Creation is a gift as Art is a gift. Only when we see the universe as an extravagant gift of God, and not a utilitarian need for us to exist, can we be liberated from our bondage of our Darwinian decay, and see art as a path to freely reflect our identity as glorious children of God. Our imagination is also a gift, and counters idolatrous fantasy that flows out of anxiety and fear. I quote Dr. Ellen Davis of Duke as she has written extensively on how the biblical writers use the word for “heart” or Greek “kapoia” as the organ of the imagination. Worship can and should open the “eyes of our hearts” (Eph 1:18) to see beyond the scarcity ridden world all around us.

Biblical God is the Creator, and not just the “First Cause” but the creator of creativity, the “cause” behind our understanding of the “First Cause.” God created us out of exuberant love, and invited us even before the Fall to be co-creators and stewards of Eden. The question the Biblical writers keep asking us is “what are you making? And how are we taking part in God’s creativity despite our brokenness? From Adam’s naming of the animals in Eden, Tabernacle of Moses, Solomon’s Temple, the Chosen People’s identity to Christ’s Bride, and the Church, we are part of God’s artistry that will steward creation and creativity into the New.

A New Lazarus Culture

What I deem as the harbinger of the New Lazarus culture (based on John 11-12) begins with seeing Christ’s tears in front of us, and recognizing that Jesus’s tears are still with us in our dark times. Lazarus was a recipient of the powerful movement of grace, to be called back from the stenches of death into life again. We can have relaxed confidence, reclining at the table with Jesus, if we have been through trauma and experienced God’s tearful presence there. Those who have experienced Jesus’s tears in our trauma can be like Mary, bringing her most expensive wedding nard to anoint Jesus in her most extravagant and “wasteful” act of worship. Jesus commends her: “She has done a beautiful thing to me, and whenever the gospel will be preached, what she has done will also be told.” (Mark 14) The question I ask the church to consider is … are we doing that? Whenever the gospel is preached, do we detect the aroma of Mary, her extravagant act of beauty and sacrifice in some way?

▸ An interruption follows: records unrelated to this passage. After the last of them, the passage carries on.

(* Let $0<\alpha<1$ and $p,q>0$. If $R_{\alpha,p}(A,B)\le_\lambda\mathcal{A}_{\alpha,q}(A,B)$ holds for all positive definite $2\times2$ matrices $A,B$, then $\alpha(1-\alpha)p\le q$.
   Context: For positive definite $A,B$: $R_{\alpha,p}(A,B):=\bigl(A^{\frac{1-\alpha}{2}p}B^{\alpha p}A^{\frac{1-\alpha}{2}p}\bigr)^{1/p}$ and $\mathcal{A}_{\alpha,q}(A,B):=((1-\alpha)A^q+\alpha B^q)^{1/q}$. For positive semidefinite $n\times n$ matrices $X,Y$ with eigenvalues $\lambda_1(X)\ge\dots\ge\lambda_n(X)$ (with multiplicities), $X\le_\lambda Y$ means $\lambda_i(X)\le\lambda_i(Y)$ for each $i=1,\dots,n$. *)

theory Defs
  imports "HOL-Analysis.Analysis" "HOL-Library.Numeral_Type"
begin

definition adjoint :: "complex^'n^'m \<Rightarrow> complex^'m^'n" where
  "adjoint A = (\<chi> i j. cnj (A $ j $ i))"

definition hermitian :: "complex^'n^'n \<Rightarrow> bool" where
  "hermitian A \<longleftrightarrow> adjoint A = A"

definition unitary :: "complex^'n^'n \<Rightarrow> bool" where
  "unitary U \<longleftrightarrow> adjoint U ** U = mat 1"

definition pos_def :: "complex^'n^'n \<Rightarrow> bool" where
  "pos_def A \<longleftrightarrow> hermitian A \<and>
     (\<forall>x::complex^'n. x \<noteq> 0 \<longrightarrow> 0 < Re (\<Sum>i\<in>UNIV. cnj (x $ i) * (A *v x) $ i))"

definition diagc :: "('n \<Rightarrow> real) \<Rightarrow> complex^'n^'n" where
  "diagc d = (\<chi> i j. if i = j then complex_of_real (d i) else 0)"

text \<open>Real power A^t of a positive definite matrix via its spectral decomposition
  A = U diag(d) U^*, A^t = U diag(d^t) U^* (well defined, independent of the decomposition).\<close>
definition mat_rpow :: "complex^'n^'n \<Rightarrow> real \<Rightarrow> complex^'n^'n" where
  "mat_rpow A t = (SOME B. \<exists>U d. unitary U \<and> (\<forall>i. 0 < d i) \<and>
       A = U ** diagc d ** adjoint U \<and> B = U ** diagc (\<lambda>i. d i powr t) ** adjoint U)"

definition eigs :: "complex^('n::{finite,linorder})^('n::{finite,linorder}) \<Rightarrow> ('n::{finite,linorder} \<Rightarrow> real)" where
  "eigs X = (SOME d. (\<forall>i j. i \<le> j \<longrightarrow> d j \<le> d i) \<and>
       (\<exists>U. unitary U \<and> X = U ** diagc d ** adjoint U))"
lemma sum_le_two_level_bound:
  fixes g :: "'b \<Rightarrow> nat"
  assumes "finite A" "\<And>x. x \<in> A \<Longrightarrow> g x \<le> a + (if x \<in> Q then b else 0)"
  shows "sum g A \<le> a * card A + b * card (A \<inter> Q)"
proof -
  have "sum g A \<le> (\<Sum>x\<in>A. a + (if x \<in> Q then b else 0))" by (rule sum_mono) (rule assms(2))
  also have "\<dots> = a * card A + (\<Sum>x\<in>A \<inter> Q. b)"
    by (simp add: sum.distrib sum.If_cases[OF assms(1)])
  finally show ?thesis by (simp add: mult.commute)
qed

lemma greedy_coloring:
  fixes R :: "'b \<Rightarrow> 'b \<Rightarrow> bool"
  assumes sym: "\<And>e f. R e f \<Longrightarrow> R f e"
    and degenerate: "\<And>F. F \<subseteq> F0 \<Longrightarrow> F \<noteq> {} \<Longrightarrow> \<exists>e\<in>F. card {f\<in>F. f \<noteq> e \<and> R e f} < k"
    and "finite F" "F \<subseteq> F0"
  shows "\<exists>c :: 'b \<Rightarrow> nat. (\<forall>e\<in>F. c e < k) \<and> (\<forall>e\<in>F. \<forall>f\<in>F. e \<noteq> f \<and> R e f \<longrightarrow> c e \<noteq> c f)"
  using assms(3,4)
proof (induction F rule: finite_psubset_induct)
  case (psubset F)
  show ?case
  proof (cases "F = {}")
    case False
    then obtain e where e: "e \<in> F" and few: "card {f\<in>F. f \<noteq> e \<and> R e f} < k"
      using degenerate psubset.prems by blast
    obtain c where c_range: "\<forall>x\<in>F - {e}. c x < k"
      and c_proper: "\<forall>x\<in>F - {e}. \<forall>y\<in>F - {e}. x \<noteq> y \<and> R x y \<longrightarrow> c x \<noteq> c y"
      using psubset.IH[of "F - {e}"] e psubset.prems by blast
    define used where "used = c ` {f\<in>F. f \<noteq> e \<and> R e f}"
    have "card used < card {..<k}"
      using card_image_le[of "{f\<in>F. f \<noteq> e \<and> R e f}" c] psubset.hyps few
      unfolding used_def by simp
    then have "\<not> {..<k} \<subseteq> used"
      using card_mono[of used "{..<k}"] psubset.hyps unfolding used_def by auto
    then obtain col where col: "col < k" "col \<notin> used" by blast
    have "\<forall>x\<in>F. \<forall>y\<in>F. x \<noteq> y \<and> R x y \<longrightarrow> (c(e := col)) x \<noteq> (c(e := col)) y"
      using c_proper col sym unfolding used_def by (auto 0 3)
    moreover have "\<forall>x\<in>F. (c(e := col)) x < k" using c_range col by simp
    ultimately show ?thesis by blast
  qed simp
qed

lemma strong_chromatic_index_le:
  fixes c :: "'a set \<Rightarrow> nat"
  assumes "strong_edge_coloring E c" "\<forall>e\<in>E. c e < k"
  shows "strong_chromatic_index E \<le> k"
proof -
  have "card (c ` E) \<le> card {..<k}"
    using assms(2) by (intro card_mono) auto
  moreover have "strong_chromatic_index E \<le> card (c ` E)"
    unfolding strong_chromatic_index_def by (rule Least_le) (use assms(1) in blast)
  ultimately show ?thesis by simp
qed

locale finite_simple_graph =
  fixes V :: "'a set" and E :: "'a set set"
  assumes simple_graph: "simple_graph V E"
begin

abbreviation \<Delta> :: nat where "\<Delta> \<equiv> max_degree V E"

lemma finite_vertices: "finite V"
  using simple_graph by (simp add: simple_graph_def)

lemma edge_subset: "e \<in> E \<Longrightarrow> e \<subseteq> V"
  using simple_graph by (simp add: simple_graph_def)

lemma card_edge: "e \<in> E \<Longrightarrow> card e = 2"
  using simple_graph by (simp add: simple_graph_def)

lemma finite_edges: "finite E"
  using finite_vertices edge_subset by (meson finite_Pow_iff finite_subset PowI subsetI)

lemma edge_distinct_ends: "{x, y} \<in> E \<Longrightarrow> x \<noteq> y"
  using card_edge by fastforce

lemma edge_vertices: "{x, y} \<in> E \<Longrightarrow> x \<in> V \<and> y \<in> V"
  using edge_subset by blast

definition neighbours :: "'a \<Rightarrow> 'a set" where
  "neighbours x = {y. {x, y} \<in> E}"

lemma mem_neighbours [simp]: "y \<in> neighbours x \<longleftrightarrow> {x, y} \<in> E"
  by (simp add: neighbours_def)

As I note in my book, John 11 and 12 present a family in Bethany of Mary, Martha, and Lazarus representing three aspects of culture: 1) Mary representing the intuitive, creative response to Christ, 2) Martha representing the activist, rational/analytical response to Christ, and 3) Lazarus representing the recipient of Christ’s power and grace in his repose and relaxed confidence. This triad can contribute to what I call Lazarus Culture, the merging of the intuitive, rational, and relational. Integrated education must take in the somatic knowledge (as in Mary’s nard) as well as informational, analytical knowledge (as in Martha’s activism and analysis), and the relational aspects of learning in community. Liberal Arts education prepares the students not just toward practical worldly gains but toward a generative life that pours gold, like Kintsugi (see Chapter 4 regarding Kintsugi in Art+Faith: A Theology of Making), into the fissures of the world. The arts prepare a student for collaborative, improvisational, empathetic creativity, and prepare all of us for the Cosmic Wedding to come.

Biography of Author

Makoto Fujimura is a leading contemporary artist, an arts advocate, writer, and speaker who is recognized worldwide as a cultural influencer. He authors several books, including "Art+Faith: A Theology of Making" (Yale Press), “Refractions” (NavPress) and “Culture Care” (IVPress) which reflects many of his thesis on arts advocacy.

Makoto Fujimura Photo
Makoto Fujimura Photo

Footnotes

  1. Even though Culture Care came out officially as an InterVarsity Press book in 2016, it was published through the International Arts Movement (IAM) first, as a leadership manual for IAM.
  2. A leader in work and faith movement told me that Art+Faith: A Theology of Making is a transformative book as he was able to see “work” as “Making,” and this removes the “curse of the Fall” connotation of labor and work.